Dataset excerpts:

* * *

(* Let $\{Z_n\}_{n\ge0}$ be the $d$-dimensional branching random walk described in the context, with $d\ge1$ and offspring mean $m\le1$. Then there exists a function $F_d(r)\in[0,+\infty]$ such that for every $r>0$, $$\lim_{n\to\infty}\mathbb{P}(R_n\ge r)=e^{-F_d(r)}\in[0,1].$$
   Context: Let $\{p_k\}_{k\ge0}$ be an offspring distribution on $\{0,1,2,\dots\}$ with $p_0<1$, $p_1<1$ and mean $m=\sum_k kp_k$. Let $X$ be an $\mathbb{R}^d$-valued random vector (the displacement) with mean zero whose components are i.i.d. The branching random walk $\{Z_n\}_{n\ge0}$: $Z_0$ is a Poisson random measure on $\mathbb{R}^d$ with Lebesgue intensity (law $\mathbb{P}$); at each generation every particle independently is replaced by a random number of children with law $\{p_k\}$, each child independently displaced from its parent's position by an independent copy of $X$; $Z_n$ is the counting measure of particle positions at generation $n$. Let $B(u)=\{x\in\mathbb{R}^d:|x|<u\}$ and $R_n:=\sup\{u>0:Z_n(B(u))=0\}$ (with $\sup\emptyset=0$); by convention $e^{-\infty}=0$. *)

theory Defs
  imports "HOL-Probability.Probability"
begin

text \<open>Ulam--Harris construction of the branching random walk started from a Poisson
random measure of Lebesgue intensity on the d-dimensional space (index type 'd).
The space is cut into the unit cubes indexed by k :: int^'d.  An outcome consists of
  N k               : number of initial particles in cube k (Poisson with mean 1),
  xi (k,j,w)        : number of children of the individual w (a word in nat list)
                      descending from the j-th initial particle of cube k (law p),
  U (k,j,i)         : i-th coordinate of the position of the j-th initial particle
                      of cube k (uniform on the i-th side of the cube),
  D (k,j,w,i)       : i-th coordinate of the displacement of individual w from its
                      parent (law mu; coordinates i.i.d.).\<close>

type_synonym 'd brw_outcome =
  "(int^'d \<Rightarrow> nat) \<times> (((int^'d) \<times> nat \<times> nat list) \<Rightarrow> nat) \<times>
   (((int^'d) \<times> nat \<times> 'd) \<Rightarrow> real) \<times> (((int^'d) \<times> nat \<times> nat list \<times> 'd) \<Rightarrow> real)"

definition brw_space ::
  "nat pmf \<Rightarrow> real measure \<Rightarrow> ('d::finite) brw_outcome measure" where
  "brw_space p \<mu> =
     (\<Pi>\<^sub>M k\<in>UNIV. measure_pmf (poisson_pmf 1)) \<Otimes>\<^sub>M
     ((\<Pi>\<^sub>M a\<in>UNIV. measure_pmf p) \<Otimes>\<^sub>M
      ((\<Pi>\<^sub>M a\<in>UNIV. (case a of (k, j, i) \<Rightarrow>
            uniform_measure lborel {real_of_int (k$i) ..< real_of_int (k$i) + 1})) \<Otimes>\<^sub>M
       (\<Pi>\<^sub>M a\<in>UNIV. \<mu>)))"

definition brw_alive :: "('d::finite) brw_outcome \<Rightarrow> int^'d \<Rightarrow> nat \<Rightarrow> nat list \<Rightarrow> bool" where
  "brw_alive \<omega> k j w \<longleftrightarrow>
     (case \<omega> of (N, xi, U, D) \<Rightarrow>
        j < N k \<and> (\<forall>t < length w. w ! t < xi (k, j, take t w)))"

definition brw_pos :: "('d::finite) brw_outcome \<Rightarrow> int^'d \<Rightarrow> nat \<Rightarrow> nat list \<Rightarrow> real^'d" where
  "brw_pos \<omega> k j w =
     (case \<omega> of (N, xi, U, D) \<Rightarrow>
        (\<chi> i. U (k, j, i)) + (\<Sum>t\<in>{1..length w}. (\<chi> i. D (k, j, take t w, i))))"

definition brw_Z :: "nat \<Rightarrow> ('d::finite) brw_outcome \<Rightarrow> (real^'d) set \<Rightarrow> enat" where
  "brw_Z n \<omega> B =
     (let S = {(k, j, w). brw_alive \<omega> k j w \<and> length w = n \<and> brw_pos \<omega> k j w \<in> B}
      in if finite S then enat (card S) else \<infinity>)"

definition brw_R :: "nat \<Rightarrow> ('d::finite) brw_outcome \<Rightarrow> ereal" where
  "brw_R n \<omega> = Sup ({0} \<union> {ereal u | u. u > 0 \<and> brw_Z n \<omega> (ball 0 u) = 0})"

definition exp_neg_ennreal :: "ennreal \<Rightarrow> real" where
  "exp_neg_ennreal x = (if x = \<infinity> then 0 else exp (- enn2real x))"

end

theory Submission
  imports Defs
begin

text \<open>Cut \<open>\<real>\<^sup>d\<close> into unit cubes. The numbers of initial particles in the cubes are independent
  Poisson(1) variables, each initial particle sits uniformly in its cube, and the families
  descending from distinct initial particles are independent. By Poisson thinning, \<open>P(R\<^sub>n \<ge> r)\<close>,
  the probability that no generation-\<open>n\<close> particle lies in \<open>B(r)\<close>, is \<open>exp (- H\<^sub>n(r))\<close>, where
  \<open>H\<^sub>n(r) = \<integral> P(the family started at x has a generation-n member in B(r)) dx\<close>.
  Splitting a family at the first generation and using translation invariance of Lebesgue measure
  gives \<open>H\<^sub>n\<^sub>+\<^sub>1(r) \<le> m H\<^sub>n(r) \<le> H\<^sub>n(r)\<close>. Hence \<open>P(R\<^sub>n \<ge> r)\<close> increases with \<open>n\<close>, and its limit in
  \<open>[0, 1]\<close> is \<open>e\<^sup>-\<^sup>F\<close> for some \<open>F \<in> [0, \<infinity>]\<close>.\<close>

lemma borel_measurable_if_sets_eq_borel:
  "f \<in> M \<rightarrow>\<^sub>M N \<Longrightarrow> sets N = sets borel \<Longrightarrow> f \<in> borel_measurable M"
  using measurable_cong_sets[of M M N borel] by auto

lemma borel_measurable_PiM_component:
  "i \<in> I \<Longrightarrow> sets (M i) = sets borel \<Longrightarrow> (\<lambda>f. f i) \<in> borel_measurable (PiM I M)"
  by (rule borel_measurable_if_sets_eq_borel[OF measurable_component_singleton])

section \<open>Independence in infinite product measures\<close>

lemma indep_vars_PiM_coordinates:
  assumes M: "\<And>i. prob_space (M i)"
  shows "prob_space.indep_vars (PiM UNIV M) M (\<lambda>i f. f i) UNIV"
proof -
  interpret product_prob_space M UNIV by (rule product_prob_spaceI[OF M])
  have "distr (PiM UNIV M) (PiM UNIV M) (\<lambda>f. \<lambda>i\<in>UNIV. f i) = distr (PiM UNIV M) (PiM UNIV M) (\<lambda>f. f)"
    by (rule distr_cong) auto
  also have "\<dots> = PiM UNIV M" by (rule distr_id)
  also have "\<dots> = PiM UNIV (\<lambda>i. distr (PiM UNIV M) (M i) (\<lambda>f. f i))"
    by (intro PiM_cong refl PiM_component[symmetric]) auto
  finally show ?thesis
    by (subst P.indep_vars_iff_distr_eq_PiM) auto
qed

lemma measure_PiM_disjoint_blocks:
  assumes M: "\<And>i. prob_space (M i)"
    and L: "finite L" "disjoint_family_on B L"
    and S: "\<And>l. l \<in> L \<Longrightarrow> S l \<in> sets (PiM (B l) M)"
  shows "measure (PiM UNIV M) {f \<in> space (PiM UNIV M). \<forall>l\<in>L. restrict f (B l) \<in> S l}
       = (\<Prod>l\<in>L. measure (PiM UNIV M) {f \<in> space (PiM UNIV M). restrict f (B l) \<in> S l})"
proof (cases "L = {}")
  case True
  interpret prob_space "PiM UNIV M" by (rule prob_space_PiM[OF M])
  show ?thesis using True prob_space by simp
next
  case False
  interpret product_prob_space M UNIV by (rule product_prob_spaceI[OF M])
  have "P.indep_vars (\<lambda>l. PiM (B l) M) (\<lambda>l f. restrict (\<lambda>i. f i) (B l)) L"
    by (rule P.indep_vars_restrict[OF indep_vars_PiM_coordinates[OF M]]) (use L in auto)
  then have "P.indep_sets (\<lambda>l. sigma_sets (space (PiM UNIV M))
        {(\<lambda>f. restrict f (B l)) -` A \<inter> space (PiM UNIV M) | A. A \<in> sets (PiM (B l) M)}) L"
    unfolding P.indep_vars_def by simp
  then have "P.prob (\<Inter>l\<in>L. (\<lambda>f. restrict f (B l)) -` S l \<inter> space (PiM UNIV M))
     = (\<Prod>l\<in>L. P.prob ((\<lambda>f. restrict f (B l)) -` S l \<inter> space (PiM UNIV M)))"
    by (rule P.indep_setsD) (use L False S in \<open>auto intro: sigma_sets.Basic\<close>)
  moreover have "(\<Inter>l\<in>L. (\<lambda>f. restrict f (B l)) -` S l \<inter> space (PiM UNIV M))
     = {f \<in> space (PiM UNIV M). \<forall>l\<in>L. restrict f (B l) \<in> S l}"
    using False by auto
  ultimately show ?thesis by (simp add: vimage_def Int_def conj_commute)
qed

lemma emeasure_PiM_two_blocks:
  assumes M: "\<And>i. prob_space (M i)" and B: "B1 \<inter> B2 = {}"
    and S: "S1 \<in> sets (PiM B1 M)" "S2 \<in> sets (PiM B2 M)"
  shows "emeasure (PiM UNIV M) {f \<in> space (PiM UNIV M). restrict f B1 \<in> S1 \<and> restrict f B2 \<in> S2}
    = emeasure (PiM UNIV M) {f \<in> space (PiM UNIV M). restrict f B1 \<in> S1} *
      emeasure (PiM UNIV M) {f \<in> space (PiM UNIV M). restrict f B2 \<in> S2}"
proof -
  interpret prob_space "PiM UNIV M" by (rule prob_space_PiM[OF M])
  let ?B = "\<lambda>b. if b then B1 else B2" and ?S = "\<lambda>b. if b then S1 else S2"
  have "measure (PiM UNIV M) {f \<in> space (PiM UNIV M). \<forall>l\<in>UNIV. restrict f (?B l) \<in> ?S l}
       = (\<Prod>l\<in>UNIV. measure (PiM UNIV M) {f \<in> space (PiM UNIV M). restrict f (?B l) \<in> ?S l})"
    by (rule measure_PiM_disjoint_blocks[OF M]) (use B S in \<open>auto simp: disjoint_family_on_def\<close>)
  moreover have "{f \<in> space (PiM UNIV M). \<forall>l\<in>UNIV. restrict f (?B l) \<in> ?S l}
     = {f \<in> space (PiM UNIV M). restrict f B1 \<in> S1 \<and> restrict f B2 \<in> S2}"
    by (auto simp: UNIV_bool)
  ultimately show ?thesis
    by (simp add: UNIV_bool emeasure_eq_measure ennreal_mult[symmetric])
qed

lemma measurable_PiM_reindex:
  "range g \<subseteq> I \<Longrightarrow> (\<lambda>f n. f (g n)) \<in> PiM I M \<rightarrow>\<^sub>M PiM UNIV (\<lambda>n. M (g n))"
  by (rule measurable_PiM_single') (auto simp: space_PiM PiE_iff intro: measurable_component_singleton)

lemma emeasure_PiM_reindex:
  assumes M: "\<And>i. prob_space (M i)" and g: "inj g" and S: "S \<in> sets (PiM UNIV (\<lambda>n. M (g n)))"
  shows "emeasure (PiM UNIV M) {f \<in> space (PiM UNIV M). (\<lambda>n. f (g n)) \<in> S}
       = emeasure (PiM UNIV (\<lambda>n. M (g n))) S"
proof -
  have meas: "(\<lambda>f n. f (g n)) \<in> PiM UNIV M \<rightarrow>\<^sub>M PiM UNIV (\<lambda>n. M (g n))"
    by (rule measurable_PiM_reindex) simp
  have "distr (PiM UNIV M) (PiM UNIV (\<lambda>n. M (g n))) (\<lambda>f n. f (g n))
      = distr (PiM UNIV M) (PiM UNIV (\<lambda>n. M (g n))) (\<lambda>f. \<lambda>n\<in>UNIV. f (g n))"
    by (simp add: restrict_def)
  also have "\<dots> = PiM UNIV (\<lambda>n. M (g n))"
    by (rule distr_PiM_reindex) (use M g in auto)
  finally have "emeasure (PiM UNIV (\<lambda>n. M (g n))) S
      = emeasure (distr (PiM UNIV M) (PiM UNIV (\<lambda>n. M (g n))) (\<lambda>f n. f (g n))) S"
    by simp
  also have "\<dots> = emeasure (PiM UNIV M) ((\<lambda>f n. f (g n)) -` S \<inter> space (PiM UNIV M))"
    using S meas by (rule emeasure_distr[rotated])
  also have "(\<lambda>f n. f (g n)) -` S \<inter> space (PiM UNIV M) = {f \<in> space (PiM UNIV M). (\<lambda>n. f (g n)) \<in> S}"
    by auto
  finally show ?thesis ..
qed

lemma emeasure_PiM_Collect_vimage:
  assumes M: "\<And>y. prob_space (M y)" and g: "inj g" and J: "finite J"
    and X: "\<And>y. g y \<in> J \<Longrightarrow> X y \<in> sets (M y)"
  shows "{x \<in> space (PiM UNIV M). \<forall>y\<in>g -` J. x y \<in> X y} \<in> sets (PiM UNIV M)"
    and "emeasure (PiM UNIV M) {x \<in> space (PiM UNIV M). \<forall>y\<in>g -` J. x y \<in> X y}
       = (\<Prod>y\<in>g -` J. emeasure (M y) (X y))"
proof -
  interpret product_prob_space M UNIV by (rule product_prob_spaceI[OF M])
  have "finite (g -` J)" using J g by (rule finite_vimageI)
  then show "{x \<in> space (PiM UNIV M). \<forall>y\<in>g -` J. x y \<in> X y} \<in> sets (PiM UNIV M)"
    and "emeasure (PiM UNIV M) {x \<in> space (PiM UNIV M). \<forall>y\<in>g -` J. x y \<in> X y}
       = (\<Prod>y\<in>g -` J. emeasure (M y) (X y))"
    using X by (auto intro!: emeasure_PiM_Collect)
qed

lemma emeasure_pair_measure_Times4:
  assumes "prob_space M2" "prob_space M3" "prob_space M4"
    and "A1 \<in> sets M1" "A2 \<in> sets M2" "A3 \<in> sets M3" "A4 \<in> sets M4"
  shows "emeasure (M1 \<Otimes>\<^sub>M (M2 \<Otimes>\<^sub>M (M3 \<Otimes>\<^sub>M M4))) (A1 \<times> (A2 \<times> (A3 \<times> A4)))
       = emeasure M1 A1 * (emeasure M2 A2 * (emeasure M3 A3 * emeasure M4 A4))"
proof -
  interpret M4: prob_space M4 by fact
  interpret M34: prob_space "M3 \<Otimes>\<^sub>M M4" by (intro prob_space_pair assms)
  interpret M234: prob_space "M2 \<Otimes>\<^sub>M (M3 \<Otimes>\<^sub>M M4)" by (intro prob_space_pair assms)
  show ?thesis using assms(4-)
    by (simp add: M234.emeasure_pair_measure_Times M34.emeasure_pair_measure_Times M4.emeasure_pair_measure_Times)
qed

* * *

WHAT THIS TASK INVOLVES
In the entries above, find each line with the word "thesis" and return it.

RESPONSE
  finally show ?thesis
  show ?thesis using True prob_space by simp
  ultimately show ?thesis by (simp add: vimage_def Int_def conj_commute)
  ultimately show ?thesis
  finally show ?thesis ..
  show ?thesis using assms(4-)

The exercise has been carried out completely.